From e54d3ab536fb7ed65ae16090ff0a91cabfe625de Mon Sep 17 00:00:00 2001
From: rdamaral <rna5137@psu.edu>
Date: Fri, 19 Apr 2024 15:01:21 -0400
Subject: [PATCH] Add hash feature

---
 .github/workflows/tdb2mhdb.yaml |  38 ++++++++-
 mhdb/core/mongo.py              | 133 +++++++++++++++++++++++++++++---
 2 files changed, 160 insertions(+), 11 deletions(-)

diff --git a/.github/workflows/tdb2mhdb.yaml b/.github/workflows/tdb2mhdb.yaml
index 1a120c7..b40418d 100644
--- a/.github/workflows/tdb2mhdb.yaml
+++ b/.github/workflows/tdb2mhdb.yaml
@@ -192,6 +192,37 @@ jobs:
                 issue_number: issue.number,
                 body: message
             });
+
+      - name: TAR GZ all files with 7zip
+        if: env.valid == 'true'
+        run: |
+          echo "Packaging into .tar.gz file now..."
+          issue_number=${{ github.event.issue.number }}
+          date_string=$(date "+%d%b%y_%H%M")
+          echo $date_string
+          issue_number="${issue_number}_${date_string}"

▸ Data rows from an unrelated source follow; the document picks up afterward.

lemma policy_eval_stationary:
  assumes "channel P" "policy q" and acoe: "\<forall>b. J + V b = stage P V b (q b)"
  shows "policy_eval P q (info_density P q) n V b = real n * J + V b"
proof (induction n arbitrary: b)
  case (Suc n)
  have "policy_eval P q (info_density P q) (Suc n) V b
      = policy_eval P q (info_density P q) (Suc 0) (\<lambda>c. V c + real n * J) b"
    by (subst policy_eval_Suc_eq_one) (simp add: Suc.IH add.commute)
  also have "\<dots> = stage P V b (q b) + real n * J"
    by (subst policy_eval_add_const[OF assms(1,2)]) (simp only: policy_eval_one_eq_stage)
  finally show ?case
    using acoe by (simp add: algebra_simps)
qed simp

lemma sum_lists_length_Suc:
  "(\<Sum>xs\<in>{xs::'x::finite list. length xs = Suc k}. f xs)
     = (\<Sum>x\<in>UNIV. \<Sum>xs\<in>{xs. length xs = k}. f (x # xs))"
proof -
  have lists: "{xs::'x list. length xs = Suc k} = (\<lambda>(x, xs). x # xs) ` (UNIV \<times> {xs. length xs = k})"
    by (auto simp: length_Suc_conv image_iff)
  have inj: "inj_on (\<lambda>(x, xs). x # xs) (UNIV \<times> {xs::'x list. length xs = k})"
    by (auto simp: inj_on_def)
  show ?thesis
    unfolding lists sum.reindex[OF inj] by (simp add: sum.cartesian_product split_beta)
qed

lemma path_prob_Cons:
  "path_prob P q m (Suc n) (b # bs) (a # as) = path_prob P q (\<lambda>c. m b * q b a * P b a c) n bs as"
  unfolding path_prob_def prod.lessThan_Suc_shift by (simp add: mult.assoc)

text \<open>The initial weight \<open>m\<close> and the initial reward \<open>U\<close> are generalised so that peeling
  off the first step yields an instance of the induction hypothesis.\<close>
lemma path_sum_eq_policy_eval:
  assumes "channel P" "policy q"
  shows "(\<Sum>bs\<in>{xs. length xs = Suc n}. \<Sum>as\<in>{xs. length xs = n}.
      path_prob P q m n bs as * (U (bs ! 0) + (\<Sum>i<n. r (bs ! i) (as ! i) (bs ! Suc i)) + W (bs ! n)))
    = (\<Sum>b\<in>UNIV. m b * (U b + policy_eval P q r n W b))"
proof (induction n arbitrary: m U)
  case 0
  have "{xs. length xs = 0} = {[]}" by auto
  then show ?case by (simp add: sum_lists_length_Suc path_prob_def)
next
  case (Suc n)
  have "(\<Sum>bs\<in>{xs. length xs = Suc (Suc n)}. \<Sum>as\<in>{xs. length xs = Suc n}.
      path_prob P q m (Suc n) bs as * (U (bs ! 0) + (\<Sum>i<Suc n. r (bs ! i) (as ! i) (bs ! Suc i)) + W (bs ! Suc n)))
    = (\<Sum>b\<in>UNIV. \<Sum>a\<in>UNIV. \<Sum>bs\<in>{xs. length xs = Suc n}. \<Sum>as\<in>{xs. length xs = n}.
      path_prob P q (\<lambda>c. m b * q b a * P b a c) n bs as
        * ((\<lambda>c. U b + r b a c) (bs ! 0) + (\<Sum>i<n. r (bs ! i) (as ! i) (bs ! Suc i)) + W (bs ! n)))"
    by (subst sum_lists_length_Suc, subst sum_lists_length_Suc[where 'x = 'a],
        simp only: sum.lessThan_Suc_shift, simp add: path_prob_Cons add.assoc,
        intro sum.cong refl sum.swap)
  also have "\<dots> = (\<Sum>b\<in>UNIV. \<Sum>a\<in>UNIV. \<Sum>c\<in>UNIV.
      m b * q b a * P b a c * (U b + r b a c + policy_eval P q r n W c))"
    apply (intro sum.cong refl)
    subgoal for b a using Suc.IH[of "\<lambda>c. m b * q b a * P b a c" "\<lambda>c. U b + r b a c"] by simp
    done
  also have "\<dots> = (\<Sum>b\<in>UNIV. m b * (U b * (\<Sum>a\<in>UNIV. q b a * (\<Sum>c\<in>UNIV. P b a c))
      + policy_eval P q r (Suc n) W b))"
    by (simp add: sum_distrib_left sum.distrib algebra_simps)
  finally show ?case
    using assms by (simp add: channel_sum_eq_1 policy_sum_eq_1)
qed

+          echo "${issue_number}"
+          tar -c tdbs/*  | 7z a -si -tgzip -mx=9 "contributions/contrib_${issue_number}.tar.gz"
+
+      - name: Commit changes with Add & Commit
+        id: commit
+        uses: EndBug/add-and-commit@v9
+        with:
+          message: '(automatic) Contribution Persisted'
+          add: "contributions/*.tar.gz"
+
+      - name: Get commit hash
+        id: gethash
+        run: echo "::set-output name=hash::$(git rev-parse HEAD)"
+
+      - name: Update MHDB hash
+        if: env.valid == 'true'
+        env:
+            GITHUB_USER: ${{ github.event.issue.user.login }}
+            COMMIT_HASH: ${{ steps.gethash.outputs.hash }}
+        run: |
+            export CLIENT_STRING=${{ secrets.CLIENT_STRING }}
+            python -c "from pymongo import MongoClient; client = MongoClient(os.environ['CLIENT_STRING']); db = client['MHDB']; collection = db['community']; collection.update_many({'metadata.parentDatabaseURL': 'hash'}, {'$set': {'metadata.parentDatabaseURL': os.environ['COMMIT_HASH']}})"
     
       - name: Report results
         if: env.valid == 'true'
@@ -200,9 +231,12 @@ jobs:
           script: |
             const fs = require('fs');
             const issue = context.issue;
+            const full_commit_hash = "${{ steps.gethash.outputs.hash }}";
+            const commit_hash = full_commit_hash.substring(0, 8);
             
-            let message = `🚀 All Done! Your submission is now completed and all entries found in your TDB file(s) were added to MHDB-community.\n\n`;
-            message += `Here's a summary of all files and entries processed:\n`;
+            let message = '🚀 All Done! Your contribution hash is [${commit_hash}](https://mhdb.mat-x.org//${commit_hash}).\n\n';
+            message += 'Your submission is now completed and all entries found in your TDB file(s) were added to MHDB-community. Please refer to `NewData.ipynb` for further instructions on how to access the database.\n';
+            message += 'Here's a summary of all files and entries processed:\n';
             
             message += fs.readFileSync('MHDB.log', 'utf8');
         
diff --git a/mhdb/core/mongo.py b/mhdb/core/mongo.py
index 23bd3d4..7b4ab7c 100644
--- a/mhdb/core/mongo.py
+++ b/mhdb/core/mongo.py
@@ -1,4 +1,8 @@
+from mhdb.core import parseTDB
+from pycalphad import Database, calculate
+from pymatgen.core import Composition
 import datetime, re
+from pprint import pprint
 
 def updateEntry(entry:dict, client_string:str, db:str, col:str):
     import dns.resolver
@@ -10,7 +14,7 @@ def updateEntry(entry:dict, client_string:str, db:str, col:str):
     database = client[db] 
     collection = database[col]
     
-    if collection.find_one({'material.phaseModel': entry['material']['phaseModel'], 'material.phaseLabel': entry['material']['phaseLabel'], 'material.endmembers': entry['material']['endmembers']}) is None:
+    if collection.find_one({'metadata.parentDatabaseURL': entry['metadata']['parentDatabaseURL'], 'material.phaseModel': entry['material']['phaseModel']}) is None:
         entry['metadata']['created'] = datetime.datetime.now()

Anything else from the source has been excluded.